À propos de l'auteur Hugues Wattebled
Professeur de philosophie, ancien rédacteur en chef de la revue « Opium philosophie ».
Le sujet du transport aérien est complexe : les effets de l’aérien sur le climat ne dépendant pas exclusivement du CO2 émis, mais s’additionnent à d’autres effets « réchauffants » ; les enjeux sont imbriqués et multiples : nationaux, européens, inter-nationaux, économiques, sociaux, climatiques, territoriaux, etc. Reste que le débat politique ne peut faire l’économie d’une information de qualité – information qui est difficile d’accès. C’est à cette difficulté que vise à répondre la présente note, dans le contexte de la Loi d’Orientation des Mobilités (LOM http://www.assemblee-nationale.fr/dyn/15/dossiers/alt/loi_orientation_mobilites) et des débats sur l’aérien.
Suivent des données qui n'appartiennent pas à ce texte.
definition bounded_position :: "'a::euclidean_space set \<Rightarrow> 'a set \<Rightarrow> bool" where
  "bounded_position P S \<longleftrightarrow> (\<forall>\<G>. \<G> \<subseteq> adj P S \<and> card \<G> = DIM('a) \<longrightarrow>
      (\<exists>x. (\<Inter>F\<in>\<G>. hyp F) = {x} \<and> x \<in> hminus P S))"

definition nonsimple :: "'a::euclidean_space set \<Rightarrow> 'a set \<Rightarrow> 'a set set \<Rightarrow> bool" where
  "nonsimple P S \<F> \<longleftrightarrow> \<F> \<subseteq> adj P S \<and>
     \<not> (\<exists>G\<in>\<F>. \<exists>G'\<in>\<F>. adjacent P G G' \<and>
          (\<exists>K. K face_of P \<and> aff_dim K = int DIM('a) - 3 \<and> K \<subseteq> G \<inter> G' \<inter> S))"

definition VS :: "'a::euclidean_space set \<Rightarrow> 'a set set \<Rightarrow> 'a set set \<Rightarrow> 'a set \<Rightarrow> 'a set" where
  "VS S \<F> \<N> P = {x. (\<forall>F\<in>\<N> \<union> {S}. x \<in> hminus P F) \<and> (\<forall>F\<in>\<F>. x \<in> hyp F) \<and>
      (\<forall>F. F facet_of P \<and> F \<notin> \<F> \<union> \<N> \<union> {S} \<longrightarrow> x \<in> hplus P F)}"

end

theory Submission
  imports Defs
begin

(* Q = conv (P \<union> {v}) arises from P by a beneath-beyond step in which S is the only
   facet visible from v. The trace map E \<mapsto> P \<inter> E is a bijection from the facets of Q
   onto the facets of P beneath v (which remain facets of Q), the facets in \<F>, whose
   hyperplanes contain v (they are coned to v), and the horizon ridges S \<inter> F for the
   facets F adjacent to S with v beneath F (also coned to v). Of the facets of P through G
   only S is lost. As G is a ridge of S, it lies in exactly two ridges of S, that is, in
   exactly two facets adjacent to S: phi of them belong to \<F>, and the other 2 - phi yield
   horizon facets of Q through G. Hence fdeg Q G = fdeg P G - 1 + (2 - phi). Nonsimplicity
   of \<F> provides a facet of P beneath v through G, and G is a face of that facet of Q.

   Behind both the classification and the fact that a ridge lies in exactly two facets is
   one piece of linear algebra: the normals of at most three facets through a common point
   are linearly independent, because a dependency in which some sign occurs at most once
   would force one facet into another. *)

section \<open>Faces of convex sets\<close>

lemma face_of_subset_aff_dim_eq:
  fixes X :: "'a::euclidean_space set"
  assumes "A face_of X" "B face_of X" "A \<subseteq> B" "aff_dim B \<le> aff_dim A"
  shows "A = B"
  by (meson assms face_of_aff_dim_lt face_of_imp_convex face_of_imp_subset face_of_subset not_less)

lemma facet_of_subset_face_eq:
  fixes X :: "'a::euclidean_space set"
  assumes "convex X" "E facet_of X" "E' face_of X" "E' \<noteq> X" "E \<subseteq> E'"
  shows "E = E'"
proof (rule face_of_subset_aff_dim_eq)
  show "aff_dim E' \<le> aff_dim E"
    using face_of_aff_dim_lt[OF assms(1,3,4)] assms(2) by (simp add: facet_of_def)
qed (use assms facet_of_imp_face_of in auto)

lemma facet_of_subset_eq:
  fixes X :: "'a::euclidean_space set"
  assumes "convex X" "F facet_of X" "F' facet_of X" "F \<subseteq> F'"
  shows "F = F'"
  using assms facet_of_subset_face_eq facet_of_imp_face_of facet_of_irrefl by blast

lemma aff_dim_facet_Int_facet:
  fixes X :: "'a::euclidean_space set"
  assumes "convex X" "F facet_of X" "S facet_of X" "F \<noteq> S"
  shows "aff_dim (F \<inter> S) \<le> aff_dim X - 2"
proof -
  have "F \<inter> S face_of X" "S face_of X"
    using assms face_of_Int facet_of_imp_face_of by blast+
  moreover have "F \<inter> S \<noteq> S"
    using assms facet_of_subset_eq by blast
  ultimately have "aff_dim (F \<inter> S) < aff_dim S"
    by (meson face_of_subset_aff_dim_eq inf_le2 not_le)
  then show ?thesis
    using assms(3) by (simp add: facet_of_def)
qed

lemma facet_Int_facet_eq_ridge:
  fixes P :: "'a::euclidean_space set"
  assumes "convex P" "F facet_of P" "S facet_of P" "F \<noteq> S"
    and "R face_of P" "aff_dim R = aff_dim P - 2" "R \<subseteq> F \<inter> S"
  shows "F \<inter> S = R"
proof (rule face_of_subset_aff_dim_eq[symmetric])
  show "F \<inter> S face_of P"
    using assms(2,3) face_of_Int facet_of_imp_face_of by blast
  show "aff_dim (F \<inter> S) \<le> aff_dim R"
    using aff_dim_facet_Int_facet[OF assms(1-4)] assms(6) by simp
qed (use assms in auto)

lemma convex_hull_Int_supporting_hyperplane:
  assumes "T \<subseteq> {x. a \<bullet> x \<le> b}"
  shows "convex hull T \<inter> {x. a \<bullet> x = b} = convex hull (T \<inter> {x. a \<bullet> x = b})"
proof
  let ?H = "{x. a \<bullet> x = b}"
  let ?M = "{x \<in> convex hull T. a \<bullet> x = b \<longrightarrow> x \<in> convex hull (T \<inter> ?H)}"
  have below: "convex hull T \<subseteq> {x. a \<bullet> x \<le> b}"
    using assms by (simp add: convex_halfspace_le hull_minimal)
  have "convex ?M"
  proof (rule convexI)
    fix x y and u w :: real
    assume x: "x \<in> ?M" and y: "y \<in> ?M" and uw: "0 \<le> u" "0 \<le> w" "u + w = 1"
    let ?z = "u *\<^sub>R x + w *\<^sub>R y"
    \<comment> \<open>a convex combination on the hyperplane only involves points on the hyperplane\<close>
    have "?z \<in> convex hull (T \<inter> ?H)" if on: "a \<bullet> ?z = b"
    proof -
      have "u * (b - a \<bullet> x) + w * (b - a \<bullet> y) = 0"
        using on uw by (simp add: algebra_simps flip: distrib_left)
      moreover have "0 \<le> u * (b - a \<bullet> x)" "0 \<le> w * (b - a \<bullet> y)"
        using below x y uw by auto
      ultimately have "u = 0 \<or> a \<bullet> x = b" "w = 0 \<or> a \<bullet> y = b"
        by (auto simp: add_nonneg_eq_0_iff)
      then show ?thesis
        using x y uw convexD[OF convex_convex_hull, of x "T \<inter> ?H" y u w] by auto
    qed
    then show "?z \<in> ?M"
      using convexD[OF convex_convex_hull] x y uw by blast
  qed
  then have "convex hull T \<subseteq> ?M"
    by (intro hull_minimal) (auto intro: hull_inc)
  then show "convex hull T \<inter> ?H \<subseteq> convex hull (T \<inter> ?H)"
    by blast
  show "convex hull (T \<inter> ?H) \<subseteq> convex hull T \<inter> ?H"
    by (simp add: convex_hyperplane hull_minimal hull_mono hull_subset le_infI2)
qed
Et justement, le débat fait rage à l’Assemblée nationale et en-dehors : plusieurs amendements à la LOM visent à taxer davantage le transport aérien ; une proposition de loi visant à limiter les vols substituables en train vient d’être présentée par des députés ; le Conseil de Paris s’est prononcé en faveur d’une plus juste taxation du secteur aérien ; le phénomène du “flygskam” (honte de prendre l’avion – en bon français, avionte ? avihonte ?) venu de Suède, trouve un certain écho médiatique.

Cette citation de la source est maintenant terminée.